No Forensic Search Decision Is Needed in the Search Process of Metruk Buildings
In this short article, the existence of a judicial search warrant is required in the search operations carried out pursuant to Article 116 of the CMK desolate That there is no need for a judicial search decision in the buildings referred to as, and that a decision on a preventive coat of arms is sufficient 22.01.2019 Date 2019/ 235-41The summary text of the Basic Decision No.
Indeed, while the existence of a search warrant is required in Article 116 of the CMK “Searches to be carried out in the dwellings of persons”, and the buildings referred to as metros also do not need a judicial search warrant. In searches of metruk buildings, “public or public place” within the meaning of paragraph 4 (d) of Article 9 of the PVSK A search may be made in accordance with the decision of a preventive search in this place for the purpose of preventing the commission of a crime or danger, as covered by it.

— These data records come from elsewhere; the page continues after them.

(* Let $s>0$, let $\mu$ be a Radon measure on $\mathbb{R}^d$, and let $\varphi:[0,\infty)\to\mathbb{R}$ be a $C^\infty$ function supported in $[0,2]$ which is constant on $[0,1/2]$. Then for every $x\in\mathbb{R}^d$ and $0\le r_1<r_2$, $$\int_{r_1}^{r_2}|\Delta^s_{\mu,\varphi}(x,r)|\,\frac{dr}{r}\;\le\; c\int_{r_1/2}^{2r_2}|\Delta^s_\mu(x,r)|\,\frac{dr}{r},$$ where $c$ depends only on $\varphi$.
   Context: For a Borel function $\varphi:[0,\infty)\to\mathbb{R}$ and $t>0$, set $\varphi_t(u)=t^{-s}\varphi(u/t)$, and $$\Delta^s_{\mu,\varphi}(x,t)=\int\big(\varphi_t(|y-x|)-\varphi_{2t}(|y-x|)\big)\,d\mu(y).$$ Also $\Delta^s_\mu(x,r)=\frac{\mu(B(x,r))}{r^s}-\frac{\mu(B(x,2r))}{(2r)^s}$, with $B(x,r)$ the open ball. *)

theory Defs
  imports "HOL-Analysis.Analysis"
begin

definition C_inf_on :: "real set \<Rightarrow> (real \<Rightarrow> real) \<Rightarrow> bool" where
  "C_inf_on S f \<longleftrightarrow> (\<forall>n. ((deriv ^^ n) f) differentiable_on S)"

definition radon_measure :: "'a::euclidean_space measure \<Rightarrow> bool" where
  "radon_measure M \<longleftrightarrow> sets M = sets borel \<and> (\<forall>K. compact K \<longrightarrow> emeasure M K < \<infinity>)"

definition phi_scale :: "real \<Rightarrow> (real \<Rightarrow> real) \<Rightarrow> real \<Rightarrow> real \<Rightarrow> real" where
  "phi_scale s \<phi> t u = t powr (-s) * \<phi> (u / t)"

definition Delta_phi :: "real \<Rightarrow> 'a::euclidean_space measure \<Rightarrow> (real \<Rightarrow> real) \<Rightarrow> 'a \<Rightarrow> real \<Rightarrow> real" where
  "Delta_phi s \<mu> \<phi> x t =
     (\<integral>y. (phi_scale s \<phi> t (dist y x) - phi_scale s \<phi> (2*t) (dist y x)) \<partial>\<mu>)"

definition Delta :: "real \<Rightarrow> 'a::euclidean_space measure \<Rightarrow> 'a \<Rightarrow> real \<Rightarrow> real" where
  "Delta s \<mu> x r = measure \<mu> (ball x r) / r powr s - measure \<mu> (ball x (2*r)) / (2*r) powr s"

end

theory Submission
  imports Defs
begin

text \<open>Write \<open>\<phi>(u) = -\<integral>\<^sub>u\<^sup>\<infinity> \<phi>'(v) dv\<close>, where \<open>\<phi>'\<close> is supported in \<open>(1/2, 2)\<close>. Inserting this into
  the definition of \<open>\<Delta>\<^sub>\<phi>\<close> and exchanging the integrals gives
  \<open>\<Delta>\<^sub>\<phi>(x,t) = -\<integral> \<phi>'(v) v\<^sup>s \<Delta>(x,tv) dv\<close>, a superposition of dilates of \<open>\<Delta>\<close> by factors
  \<open>v \<in> (1/2, 2)\<close>. Integrating \<open>|\<Delta>\<^sub>\<phi>(x,t)| dt/t\<close> over \<open>[r1, r2]\<close> and exchanging once more,
  the substitution \<open>r = tv\<close> bounds the contribution of each dilate by the integral of
  \<open>|\<Delta>(x,r)| dr/r\<close> over \<open>[r1/2, 2 r2]\<close>, so \<open>c = \<integral> |\<phi>'(v)| v\<^sup>s dv\<close> works.\<close>

lemma radon_measure_sets: "radon_measure \<mu> \<Longrightarrow> sets \<mu> = sets borel"
  by (simp add: radon_measure_def)

lemma radon_measure_space: "radon_measure \<mu> \<Longrightarrow> space \<mu> = UNIV"
  by (metis radon_measure_sets sets_eq_imp_space_eq space_borel)

lemma radon_measure_cball_finite: "radon_measure \<mu> \<Longrightarrow> emeasure \<mu> (cball x r) < \<infinity>"
  by (simp add: radon_measure_def)

lemma radon_measure_ball_finite:
  assumes "radon_measure \<mu>"
  shows "emeasure \<mu> (ball x r) < \<infinity>"
proof -
  have "emeasure \<mu> (ball x r) \<le> emeasure \<mu> (cball x r)"
    by (rule emeasure_mono) (auto simp: radon_measure_sets[OF assms])
  then show ?thesis using radon_measure_cball_finite[OF assms] by (meson order.strict_trans1)
qed

lemma radon_measure_sigma_finite:
  assumes "radon_measure (\<mu>::'a::euclidean_space measure)"
  shows "sigma_finite_measure \<mu>"
proof (rule sigma_finite_measure.intro)
  let ?A = "range (\<lambda>n::nat. cball (0::'a) (real n))"
  have "\<Union>?A = UNIV"
    by (auto intro: real_arch_simple)
  then show "\<exists>A. countable A \<and> A \<subseteq> sets \<mu> \<and> \<Union> A = space \<mu> \<and> (\<forall>a\<in>A. emeasure \<mu> a \<noteq> \<infinity>)"
    using radon_measure_cball_finite[OF assms] radon_measure_sets[OF assms]
      radon_measure_space[OF assms]
    by (intro exI[of _ ?A]) (auto simp: less_top[symmetric])
qed

lemma mono_measure_ball:
  assumes "radon_measure \<mu>"
  shows "mono (\<lambda>r. measure \<mu> (ball x r))"
proof (rule monoI)
  fix r r' :: real assume "r \<le> r'"
  then show "measure \<mu> (ball x r) \<le> measure \<mu> (ball x r')"
    using radon_measure_ball_finite[OF assms, of x r'] radon_measure_sets[OF assms]
    by (intro measure_mono_fmeasurable) (auto simp: fmeasurable_def)
qed

lemma borel_measurable_Delta:
  assumes "radon_measure \<mu>"
  shows "Delta s \<mu> x \<in> borel_measurable borel"
proof -
  have [measurable]: "(\<lambda>r. measure \<mu> (ball x r)) \<in> borel_measurable borel"
    by (rule borel_measurable_mono[OF mono_measure_ball[OF assms]])
  show ?thesis
    unfolding Delta_def[abs_def] by measurable
qed

lemma Delta_dilate:
  assumes "t > 0" "v > 0"
  shows "t powr (-s) * measure \<mu> (ball x (t * v)) - (2*t) powr (-s) * measure \<mu> (ball x (2*t * v))
    = v powr s * Delta s \<mu> x (t * v)"
proof -
  have e: "(t * v) powr s = t powr s * v powr s" "(2 * (t * v)) powr s = (2*t) powr s * v powr s"
    using assms by (simp_all add: powr_mult)
  have p: "t powr s > 0" "(2*t) powr s > 0" "v powr s > 0"
    using assms by simp_all
  have "2*t * v = 2 * (t * v)" by simp
  then show ?thesis
    unfolding Delta_def e using p by (simp add: powr_minus field_simps)
qed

In order to better understand this issue, we need to mention what should be understood from the term “Housing”, which is protected by the legislator;
Housing: They are convenient places for people to stay for permanent or temporary residence and shelter.
Metruk: It means abandoned, dilapidated.
In light of the above definitions, it follows that the legislator includes the concept of “housing” in the cases required for a judicial search decision, while for ““residential” places, a judicial search decision is not needed. Here is the summary of the decision that exactly in the search operations to be carried out in metered buildings there is no need for a judicial search decision, the prevention search is sufficient as follows;
CRIMINAL GENERAL ASSEMBLY OF THE SUPREME COURT
22.01.2019 History
2019/ 235-41 Main Decision
SUMMARY: that the place where the subject of the crime heroin was seized is a residential building cannot be considered as a place of residence that can be searched by means of a “judicial search warrant” or a “written search warrant”, so that checks carried out in such places by law enforcement officers cannot be considered as a search operation in the technical sense provided for in articles 116 et seq. of the CMK, for these reasons, European Human Rights and fundamental rights and freedoms in respect of “Privacy of private life” and “inviolability of housing” guaranteed under Articles 20 and 21 of the Constitution If it is observed that there can be no violation of Article 8 of the Convention entitled “Protection of private life and family life”, since the said structure remains within the scope of “Public or public place” within the meaning of Article 9/4-d of the PVSK, where a search for prevention in order to prevent the commission of a crime or danger can be searched for the purpose of preventing the commission of crime or danger, it is necessary to accept that there is no illegality in its transmission and that the evidence obtained can be based on the judgment.
TEXT OF THE DECISION: The dispute between the Private Chamber and the Prosecutor General's Office of the Supreme Court, which must be resolved by the General Assembly of the Criminal Court, relates to the determination of the lawfulness of the search in relation to the crime of trafficking drugs assigned to the accused.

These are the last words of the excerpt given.